2009-03-22 Thread Henning Thielemann


On Sun, 22 Mar 2009, nicolas.pouillard wrote:


Excerpts from Henning Thielemann's message of Sat Mar 21 22:27:08 +0100 2009:


Maybe you know of my packages lazy-io and explicit-exception which also
aim at lazy I/O and asynchronous exception handling.


I was indeed aware of these two packages but I think they hold orthogonal
ideas.

About the lazy-io package, as explained in the documentation one has to
carefully choose which operations can be lifted. In safe-lazy-io I try
to choose a set of well behaving combinators to replace 'getContents' in the
IO monad.

Moreover if I take the three problems of standard lazy IO in turn:
1/ Control of resources: One advantage over standard lazy IO is that
  the file opening can also be done lazily, avoiding an immediate
  resource exhaustion. However one still relies on evaluation and garbage
  collection to take care of closing handles, which is not satisfying since
  handles are scarce resources.
2/ Control of exceptions: If one writes a 'getContents' function such that
  it no longer hides I/O errors during reading, how do you guarantee
  that exceptions will happen during the LazyIO.run and not after?

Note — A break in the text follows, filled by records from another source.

(* Let $G$ be a graph on $n$ vertices with degrees $d_1,\ldots,d_n$, let $\overline{G}$ be its complement with signless Laplacian eigenvalues $\overline{q}_1\ge\cdots\ge\overline{q}_n$, and let $t\ge 1$ be an integer. Then the signless Laplacian eigenvalues of $\overline{G^{(t)}}$ (the complement of the blow-up $G^{(t)}$), listed with multiplicity (a total of $tn$ values), are $t\overline{q}_1+2(t-1),\ldots,t\overline{q}_n+2(t-1)$ together with $tn-td_1-2,\ldots,tn-td_n-2$, where each $tn-td_i-2$ ($i=1,\ldots,n$) is taken with multiplicity $t-1$.
   Context: All graphs are simple and undirected; $\overline{H}$ denotes the complement of a graph $H$. For a graph $H$, $A(H)$ is its adjacency matrix, $D(H)$ the diagonal matrix of its vertex degrees, and $Q(H)=D(H)+A(H)$ its signless Laplacian matrix; signless Laplacian eigenvalues are the eigenvalues of $Q(H)$. For a graph $G$ and an integer $t\ge 1$, the blow-up $G^{(t)}$ is the graph obtained by replacing each vertex $u$ of $G$ by a set $V_u$ of $t$ pairwise nonadjacent vertices, and each edge $\{u,v\}$ of $G$ by a complete bipartite graph with parts $V_u$ and $V_v$ (so $A(G^{(t)})=A(G)\otimes J_t$, with $J_t$ the $t\times t$ all-ones matrix). *)

theory Defs
  imports "Jordan_Normal_Form.Char_Poly"
begin

definition simple_graph :: "nat \<Rightarrow> (nat \<Rightarrow> nat \<Rightarrow> bool) \<Rightarrow> bool" where
  "simple_graph n E \<longleftrightarrow> (\<forall>i<n. \<forall>j<n. E i j = E j i) \<and> (\<forall>i<n. \<not> E i i)"

definition adj_mat :: "nat \<Rightarrow> (nat \<Rightarrow> nat \<Rightarrow> bool) \<Rightarrow> real mat" where
  "adj_mat n E = mat n n (\<lambda>(i,j). if E i j then 1 else 0)"

definition degree :: "nat \<Rightarrow> (nat \<Rightarrow> nat \<Rightarrow> bool) \<Rightarrow> nat \<Rightarrow> nat" where
  "degree n E i = card {j. j < n \<and> E i j}"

Currently I cannot guarantee anything. However my idea is to stay away 
from built-in exceptions in IO. In explicit-exception there is an 
experimental hidden module which provides an IO monad wrapper called SIO 
which cannot throw any IO exception.

  http://code.haskell.org/explicit-exception/src/System/IO/Straight.hs
 Actually, I think it's the wrong way round to build an exception-free 
monad on top of one with exceptions. Instead IO should be built on top of 
SIO, but that's not possible for historical reasons.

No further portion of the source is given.